### Exercise
Please repeat the lines below exactly. Begin with the line containing "text \<open>On a" and go on through the line containing "k. k \<in> Gr \<and> sat_rule ?I".

### Input records

-- -- --

(* Let $\Pi$ be an $\mathrm{LP}^{\mathrm{MLN}}$ program with ground instances $w_i:\mathit{Head}_i(\mathbf c)\leftarrow \mathit{Body}_i(\mathbf c)$ in $Gr(\Pi)$. Let $SAT(\Pi)$ consist of the rules $\mathtt{sat}(i,w_i,\mathbf c)\leftarrow \mathit{Head}_i(\mathbf c)$ and $\mathtt{sat}(i,w_i,\mathbf c)\leftarrow \mathtt{not}\ \mathit{Body}_i(\mathbf c)$, and $ORIGIN(\Pi)$ consist of the rules $\mathit{Head}_i(\mathbf c)\leftarrow \mathit{Body}_i(\mathbf c),\ \mathtt{not}\ \mathtt{not}\ \mathtt{sat}(i,w_i,\mathbf c)$, for every such ground instance. Then the map \[ \phi(I)=I\cup\{\mathtt{sat}(i,w_i,\mathbf c) : w_i:\mathit{Head}_i(\mathbf c)\leftarrow\mathit{Body}_i(\mathbf c)\in Gr(\Pi),\ I\models \mathit{Body}_i(\mathbf c)\rightarrow \mathit{Head}_i(\mathbf c)\} \] is a one-to-one correspondence between $\mathrm{SM}[\Pi]$ and the set of stable models of $SAT(\Pi)\cup ORIGIN(\Pi)$.
   Context: An $\mathrm{LP}^{\mathrm{MLN}}$ program is a finite set of weighted rules $w:R$ (indexed by $i$), where $R$ is a rule $\mathit{Head}\leftarrow\mathit{Body}$ ($\mathit{Head}$ a possibly empty disjunction of atoms, $\mathit{Body}$ a conjunction of literals possibly with default negation $\mathtt{not}$) and $w$ is a real number or the symbol $\alpha$ (infinite weight). The Herbrand universe is finite; $Gr(\Pi)$ is obtained by replacing the global variables $\mathbf x$ of each rule by all tuples $\mathbf c$ from the Herbrand universe, each instance keeping the weight. For ground $\Pi$ and interpretation $I$: $\overline{\Pi}$ drops weights, $\Pi_I$ is the set of rules of $\Pi$ satisfied by $I$, and $\mathrm{SM}[\Pi]=\{I: I\text{ is a stable model of }\overline{\Pi_I}\}$. Stable models of programs with nested negation ($\mathtt{not}\ \mathtt{not}$) are understood in the standard reduct-based sense. $\mathtt{sat}(i,w_i,\mathbf c)$ are fresh atoms. *)

theory Defs
  imports Complex_Main
begin

datatype 'a form = Atom 'a | Top | Bot | Neg "'a form"
  | Conj "'a form" "'a form" | Disj "'a form" "'a form"

fun sat_f :: "'a set \<Rightarrow> 'a form \<Rightarrow> bool" where
  "sat_f I (Atom a) = (a \<in> I)"
| "sat_f I Top = True"
| "sat_f I Bot = False"
| "sat_f I (Neg F) = (\<not> sat_f I F)"
| "sat_f I (Conj F G) = (sat_f I F \<and> sat_f I G)"
| "sat_f I (Disj F G) = (sat_f I F \<or> sat_f I G)"

fun reduct_f :: "'a set \<Rightarrow> 'a form \<Rightarrow> 'a form" where
  "reduct_f X (Atom a) = Atom a"
| "reduct_f X Top = Top"
| "reduct_f X Bot = Bot"
| "reduct_f X (Neg F) = (if sat_f X F then Bot else Top)"
| "reduct_f X (Conj F G) = Conj (reduct_f X F) (reduct_f X G)"
| "reduct_f X (Disj F G) = Disj (reduct_f X F) (reduct_f X G)"

datatype 'a rule = Rule (head: "'a list") (body: "'a form")

definition sat_rule :: "'a set \<Rightarrow> 'a rule \<Rightarrow> bool" where
  "sat_rule I r = (sat_f I (body r) \<longrightarrow> (\<exists>a\<in>set (head r). a \<in> I))"

definition reduct_rule :: "'a set \<Rightarrow> 'a rule \<Rightarrow> 'a rule" where
  "reduct_rule X r = Rule (head r) (reduct_f X (body r))"

definition stable_model :: "'a rule set \<Rightarrow> 'a set \<Rightarrow> bool" where
  "stable_model P X =
     ((\<forall>r\<in>P. sat_rule X (reduct_rule X r)) \<and>
      (\<forall>Y. Y \<subset> X \<longrightarrow> \<not> (\<forall>r\<in>P. sat_rule Y (reduct_rule X r))))"

datatype 'a lit = PosL 'a | NotL 'a

fun lit_form :: "'a lit \<Rightarrow> 'a form" where
  "lit_form (PosL a) = Atom a"
| "lit_form (NotL a) = Neg (Atom a)"

definition body_form :: "'a lit list \<Rightarrow> 'a form" where
  "body_form ls = foldr (\<lambda>l F. Conj (lit_form l) F) ls Top"

definition head_form :: "'a list \<Rightarrow> 'a form" where
  "head_form as = foldr (\<lambda>a F. Disj (Atom a) F) as Bot"

text \<open>Weights: a real number or alpha (infinite weight).\<close>
datatype weight = W real | Alpha

text \<open>The ground program Gr(Pi) is given by a finite set Gr of ground instances (i, c)
(rule index i, tuple c of Herbrand-universe constants for the global variables),
with head hds (i,c), body bds (i,c), and weight w i of rule i.\<close>

definition gr_rule :: "('i \<times> 'c \<Rightarrow> 'a list) \<Rightarrow> ('i \<times> 'c \<Rightarrow> 'a lit list) \<Rightarrow> 'i \<times> 'c \<Rightarrow> 'a rule" where
  "gr_rule hds bds k = Rule (hds k) (body_form (bds k))"

definition SM :: "('i \<times> 'c) set \<Rightarrow> ('i \<times> 'c \<Rightarrow> 'a list) \<Rightarrow> ('i \<times> 'c \<Rightarrow> 'a lit list) \<Rightarrow> 'a set set" where
  "SM Gr hds bds = {I. stable_model {gr_rule hds bds k | k. k \<in> Gr \<and> sat_rule I (gr_rule hds bds k)} I}"

datatype ('a, 'i, 'c) xatom = Orig 'a | SatA 'i weight 'c

fun sat_atom :: "('i \<Rightarrow> weight) \<Rightarrow> 'i \<times> 'c \<Rightarrow> ('a, 'i, 'c) xatom" where
  "sat_atom w (i, c) = SatA i (w i) c"

definition SATP :: "('i \<times> 'c) set \<Rightarrow> ('i \<Rightarrow> weight) \<Rightarrow> ('i \<times> 'c \<Rightarrow> 'a list) \<Rightarrow> ('i \<times> 'c \<Rightarrow> 'a lit list)
    \<Rightarrow> ('a, 'i, 'c) xatom rule set" where
  "SATP Gr w hds bds =
     {Rule [sat_atom w k] (map_form Orig (head_form (hds k))) | k. k \<in> Gr} \<union>
     {Rule [sat_atom w k] (Neg (map_form Orig (body_form (bds k)))) | k. k \<in> Gr}"

definition ORIGINP :: "('i \<times> 'c) set \<Rightarrow> ('i \<Rightarrow> weight) \<Rightarrow> ('i \<times> 'c \<Rightarrow> 'a list) \<Rightarrow> ('i \<times> 'c \<Rightarrow> 'a lit list)
    \<Rightarrow> ('a, 'i, 'c) xatom rule set" where
  "ORIGINP Gr w hds bds =
     {Rule (map Orig (hds k))
        (Conj (map_form Orig (body_form (bds k))) (Neg (Neg (Atom (sat_atom w k))))) | k. k \<in> Gr}"

definition phi :: "('i \<times> 'c) set \<Rightarrow> ('i \<Rightarrow> weight) \<Rightarrow> ('i \<times> 'c \<Rightarrow> 'a list) \<Rightarrow> ('i \<times> 'c \<Rightarrow> 'a lit list)
    \<Rightarrow> 'a set \<Rightarrow> ('a, 'i, 'c) xatom set" where
  "phi Gr w hds bds I = Orig ` I \<union> {sat_atom w k | k. k \<in> Gr \<and> sat_rule I (gr_rule hds bds k)}"

end

theory Submission
  imports Defs
begin

text \<open>In the reduct of SAT(Pi) \<union> ORIGIN(Pi) with respect to X, the double negation in ORIGIN
turns the rule for instance k into "head \<leftarrow> body" exactly when sat(k) \<in> X, and the SAT rules
force sat(k) whenever the original rule is satisfied. Hence on a stable model X the sat atoms
record precisely the rules satisfied by I = X \<inter> original atoms, and the reduct restricted to the
original atoms is the reduct of Pi_I with respect to I; minimality transfers in both directions.\<close>

definition models_reduct :: "'a rule set \<Rightarrow> 'a set \<Rightarrow> 'a set \<Rightarrow> bool" where
  "models_reduct P X Y \<longleftrightarrow> (\<forall>r\<in>P. sat_rule Y (reduct_rule X r))"

lemma stable_model_iff_models_reduct:
  "stable_model P X \<longleftrightarrow> models_reduct P X X \<and> (\<forall>Y. Y \<subset> X \<longrightarrow> \<not> models_reduct P X Y)"
  unfolding stable_model_def models_reduct_def ..

lemma sat_f_reduct_f_self: "sat_f X (reduct_f X F) \<longleftrightarrow> sat_f X F"
  by (induction F) auto

lemma sat_rule_reduct_rule_self: "sat_rule X (reduct_rule X r) \<longleftrightarrow> sat_rule X r"
  by (simp add: sat_rule_def reduct_rule_def sat_f_reduct_f_self)

lemma sat_f_head_form: "sat_f I (head_form as) \<longleftrightarrow> (\<exists>a\<in>set as. a \<in> I)"
  by (induction as) (auto simp: head_form_def)

lemma reduct_f_head_form: "reduct_f X (head_form as) = head_form as"
  by (induction as) (auto simp: head_form_def)

lemma sat_rule_gr_rule:
  "sat_rule I (gr_rule hds bds k) \<longleftrightarrow> (sat_f I (body_form (bds k)) \<longrightarrow> (\<exists>a\<in>set (hds k). a \<in> I))"
  by (simp add: gr_rule_def sat_rule_def)

definition orig_atoms :: "('a, 'i, 'c) xatom set \<Rightarrow> 'a set" where
  "orig_atoms X = {a. Orig a \<in> X}"

lemma mem_orig_atoms [simp]: "a \<in> orig_atoms X \<longleftrightarrow> Orig a \<in> X"
  by (simp add: orig_atoms_def)

lemma sat_f_map_form_Orig: "sat_f X (map_form Orig F) \<longleftrightarrow> sat_f (orig_atoms X) F"
  by (induction F) auto

lemma reduct_f_map_form_Orig:
  "reduct_f X (map_form Orig F) = map_form Orig (reduct_f (orig_atoms X) F)"
  by (induction F) (auto simp: sat_f_map_form_Orig)

lemma Orig_neq_sat_atom [simp]: "Orig a \<noteq> sat_atom w k" "sat_atom w k \<noteq> Orig a"
  by (cases k; simp)+

lemma orig_atoms_phi [simp]: "orig_atoms (phi Gr w hds bds I) = I"
  by (auto simp: phi_def)

lemma sat_atom_mem_phi:
  "sat_atom w k \<in> phi Gr w hds bds I \<longleftrightarrow> k \<in> Gr \<and> sat_rule I (gr_rule hds bds k)"
  by (cases k) (auto simp: phi_def)

lemma mem_phiE:
  assumes "x \<in> phi Gr w hds bds I"
  obtains a where "x = Orig a" "a \<in> I"
    | k where "x = sat_atom w k" "k \<in> Gr" "sat_rule I (gr_rule hds bds k)"
  using assms unfolding phi_def by blast

lemma models_reduct_SM_program:
  "models_reduct {gr_rule hds bds k | k. k \<in> Gr \<and> sat_rule I (gr_rule hds bds k)} I J \<longleftrightarrow>
   (\<forall>k\<in>Gr. sat_rule I (gr_rule hds bds k) \<longrightarrow> sat_rule J (reduct_rule I (gr_rule hds bds k)))"
  unfolding models_reduct_def by blast

lemma models_reduct_translation:
  "models_reduct (SATP Gr w hds bds \<union> ORIGINP Gr w hds bds) X Y \<longleftrightarrow>
   (\<forall>k\<in>Gr.
      ((\<exists>a\<in>set (hds k). a \<in> orig_atoms Y) \<or> \<not> sat_f (orig_atoms X) (body_form (bds k))
         \<longrightarrow> sat_atom w k \<in> Y) \<and>
      (sat_atom w k \<in> X
         \<longrightarrow> sat_rule (orig_atoms Y) (reduct_rule (orig_atoms X) (gr_rule hds bds k))))"
  unfolding models_reduct_def SATP_def ORIGINP_def Setcompr_eq_image ball_Un
  by (simp add: sat_rule_def reduct_rule_def gr_rule_def sat_f_map_form_Orig
      reduct_f_map_form_Orig reduct_f_head_form sat_f_head_form del: sat_atom.simps)
     blast

lemma stable_model_phi:
  assumes "I \<in> SM Gr hds bds"
  shows "stable_model (SATP Gr w hds bds \<union> ORIGINP Gr w hds bds) (phi Gr w hds bds I)"
    (is "stable_model ?P ?X")
proof -
  have I_minimal: "\<not> models_reduct {gr_rule hds bds k | k. k \<in> Gr \<and> sat_rule I (gr_rule hds bds k)} I J"
    if "J \<subset> I" for J
    using assms that unfolding SM_def stable_model_iff_models_reduct by blast
  have "models_reduct ?P ?X ?X"
    unfolding models_reduct_translation
    by (auto simp: sat_atom_mem_phi sat_rule_gr_rule sat_rule_reduct_rule_self)
  moreover have "\<not> models_reduct ?P ?X Y" if "Y \<subset> ?X" for Y
  proof
    assume Y: "models_reduct ?P ?X Y"
    have "orig_atoms Y \<subseteq> I"
      using that by (auto simp: phi_def)
    moreover have "models_reduct {gr_rule hds bds k | k. k \<in> Gr \<and> sat_rule I (gr_rule hds bds k)} I (orig_atoms Y)"
      using Y unfolding models_reduct_translation models_reduct_SM_program
      by (simp add: sat_atom_mem_phi)
    ultimately have YI: "orig_atoms Y = I"
      using I_minimal by blast
    have "?X \<subseteq> Y"
    proof
      fix x assume "x \<in> ?X"
      then show "x \<in> Y"
      proof (cases rule: mem_phiE)
        case (1 a)
        then show ?thesis using YI by auto
      next
        case (2 k)
        then show ?thesis
          using Y YI unfolding models_reduct_translation by (auto simp: sat_rule_gr_rule)
      qed
    qed
    then show False using that by blast
  qed
  ultimately show ?thesis unfolding stable_model_iff_models_reduct by blast
qed

text \<open>On a model X of the reduct, every satisfied rule has its sat atom in X; minimality removes
all further sat atoms.\<close>
lemma stable_model_eq_phi:
  assumes "stable_model (SATP Gr w hds bds \<union> ORIGINP Gr w hds bds) X"
  shows "X = phi Gr w hds bds (orig_atoms X)"
proof -
  let ?P = "SATP Gr w hds bds \<union> ORIGINP Gr w hds bds" and ?Y = "phi Gr w hds bds (orig_atoms X)"
  have X: "models_reduct ?P X X" and X_minimal: "\<And>Y. Y \<subset> X \<Longrightarrow> \<not> models_reduct ?P X Y"
    using assms unfolding stable_model_iff_models_reduct by blast+
  have "?Y \<subseteq> X"
  proof
    fix x assume "x \<in> ?Y"
    then show "x \<in> X"
      by (cases rule: mem_phiE) (use X in \<open>auto simp: models_reduct_translation sat_rule_gr_rule\<close>)
  qed
  moreover have "models_reduct ?P X ?Y"
    using X unfolding models_reduct_translation
    by (auto simp: sat_atom_mem_phi sat_rule_gr_rule)
  ultimately show ?thesis
    using X_minimal by blast
qed

lemma stable_model_orig_atoms_SM:
  assumes "stable_model (SATP Gr w hds bds \<union> ORIGINP Gr w hds bds) X"
  shows "orig_atoms X \<in> SM Gr hds bds"
proof -
  let ?P = "SATP Gr w hds bds \<union> ORIGINP Gr w hds bds" and ?I = "orig_atoms X"
  let ?\<Pi> = "{gr_rule hds bds k | k. k \<in> Gr \<and> sat_rule ?I (gr_rule hds bds k)}"
  have X: "models_reduct ?P X X" and X_minimal: "\<And>Y. Y \<subset> X \<Longrightarrow> \<not> models_reduct ?P X Y"
    using assms unfolding stable_model_iff_models_reduct by blast+
  have sat_atom_X: "sat_atom w k \<in> X \<longleftrightarrow> k \<in> Gr \<and> sat_rule ?I (gr_rule hds bds k)" for k
    using stable_model_eq_phi[OF assms] sat_atom_mem_phi by metis
  have "models_reduct ?\<Pi> ?I ?I"
    unfolding models_reduct_SM_program by (simp add: sat_rule_reduct_rule_self)
  moreover have "\<not> models_reduct ?\<Pi> ?I J" if "J \<subset> ?I" for J
  proof
    assume J: "models_reduct ?\<Pi> ?I J"
    define Z where "Z = {x \<in> X. \<forall>a. x = Orig a \<longrightarrow> a \<in> J}"
    have orig_Z: "orig_atoms Z = J"
      using that unfolding Z_def by auto
    have "Z \<subset> X"
      using that unfolding Z_def by auto
    moreover have "models_reduct ?P X Z"
      unfolding models_reduct_translation orig_Z
    proof (intro ballI conjI impI)
      fix k assume k: "k \<in> Gr"
      show "sat_atom w k \<in> Z" if "(\<exists>a\<in>set (hds k). a \<in> J) \<or> \<not> sat_f ?I (body_form (bds k))"
      proof -
        have "sat_rule ?I (gr_rule hds bds k)"
          using that \<open>J \<subset> ?I\<close> by (force simp: sat_rule_gr_rule subset_iff)
        then show ?thesis
          using k sat_atom_X unfolding Z_def by auto
      qed
      show "sat_rule J (reduct_rule ?I (gr_rule hds bds k))" if "sat_atom w k \<in> X"
        using J k that sat_atom_X unfolding models_reduct_SM_program by blast
    qed
    ultimately show False
      using X_minimal by blast
  qed
  ultimately show ?thesis
    unfolding SM_def stable_model_iff_models_reduct by blast
qed

theorem lemma1:
  fixes Gr :: "('i \<times> 'c) set"
    and w :: "'i \<Rightarrow> weight"
    and hds :: "'i \<times> 'c \<Rightarrow> 'a list"
    and bds :: "'i \<times> 'c \<Rightarrow> 'a lit list"
  assumes "finite Gr"
  shows "bij_betw (phi Gr w hds bds) (SM Gr hds bds)
           {X. stable_model (SATP Gr w hds bds \<union> ORIGINP Gr w hds bds) X}"
proof (rule bij_betw_byWitness[where f' = orig_atoms])
  show "\<forall>I\<in>SM Gr hds bds. orig_atoms (phi Gr w hds bds I) = I"
    by simp
  show "\<forall>X\<in>{X. stable_model (SATP Gr w hds bds \<union> ORIGINP Gr w hds bds) X}.
          phi Gr w hds bds (orig_atoms X) = X"
    using stable_model_eq_phi by fastforce
  show "phi Gr w hds bds ` SM Gr hds bds
          \<subseteq> {X. stable_model (SATP Gr w hds bds \<union> ORIGINP Gr w hds bds) X}"
    using stable_model_phi by blast
  show "orig_atoms ` {X. stable_model (SATP Gr w hds bds \<union> ORIGINP Gr w hds bds) X}
          \<subseteq> SM Gr hds bds"
    using stable_model_orig_atoms_SM by blast
qed

end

-- -- --

### Exercise result
text \<open>On a model X of the reduct, every satisfied rule has its sat atom in X; minimality removes
all further sat atoms.\<close>
lemma stable_model_eq_phi:
  assumes "stable_model (SATP Gr w hds bds \<union> ORIGINP Gr w hds bds) X"
  shows "X = phi Gr w hds bds (orig_atoms X)"
proof -
  let ?P = "SATP Gr w hds bds \<union> ORIGINP Gr w hds bds" and ?Y = "phi Gr w hds bds (orig_atoms X)"
  have X: "models_reduct ?P X X" and X_minimal: "\<And>Y. Y \<subset> X \<Longrightarrow> \<not> models_reduct ?P X Y"
    using assms unfolding stable_model_iff_models_reduct by blast+
  have "?Y \<subseteq> X"
  proof
    fix x assume "x \<in> ?Y"
    then show "x \<in> X"
      by (cases rule: mem_phiE) (use X in \<open>auto simp: models_reduct_translation sat_rule_gr_rule\<close>)
  qed
  moreover have "models_reduct ?P X ?Y"
    using X unfolding models_reduct_translation
    by (auto simp: sat_atom_mem_phi sat_rule_gr_rule)
  ultimately show ?thesis
    using X_minimal by blast
qed

lemma stable_model_orig_atoms_SM:
  assumes "stable_model (SATP Gr w hds bds \<union> ORIGINP Gr w hds bds) X"
  shows "orig_atoms X \<in> SM Gr hds bds"
proof -
  let ?P = "SATP Gr w hds bds \<union> ORIGINP Gr w hds bds" and ?I = "orig_atoms X"
  let ?\<Pi> = "{gr_rule hds bds k | k. k \<in> Gr \<and> sat_rule ?I (gr_rule hds bds k)}"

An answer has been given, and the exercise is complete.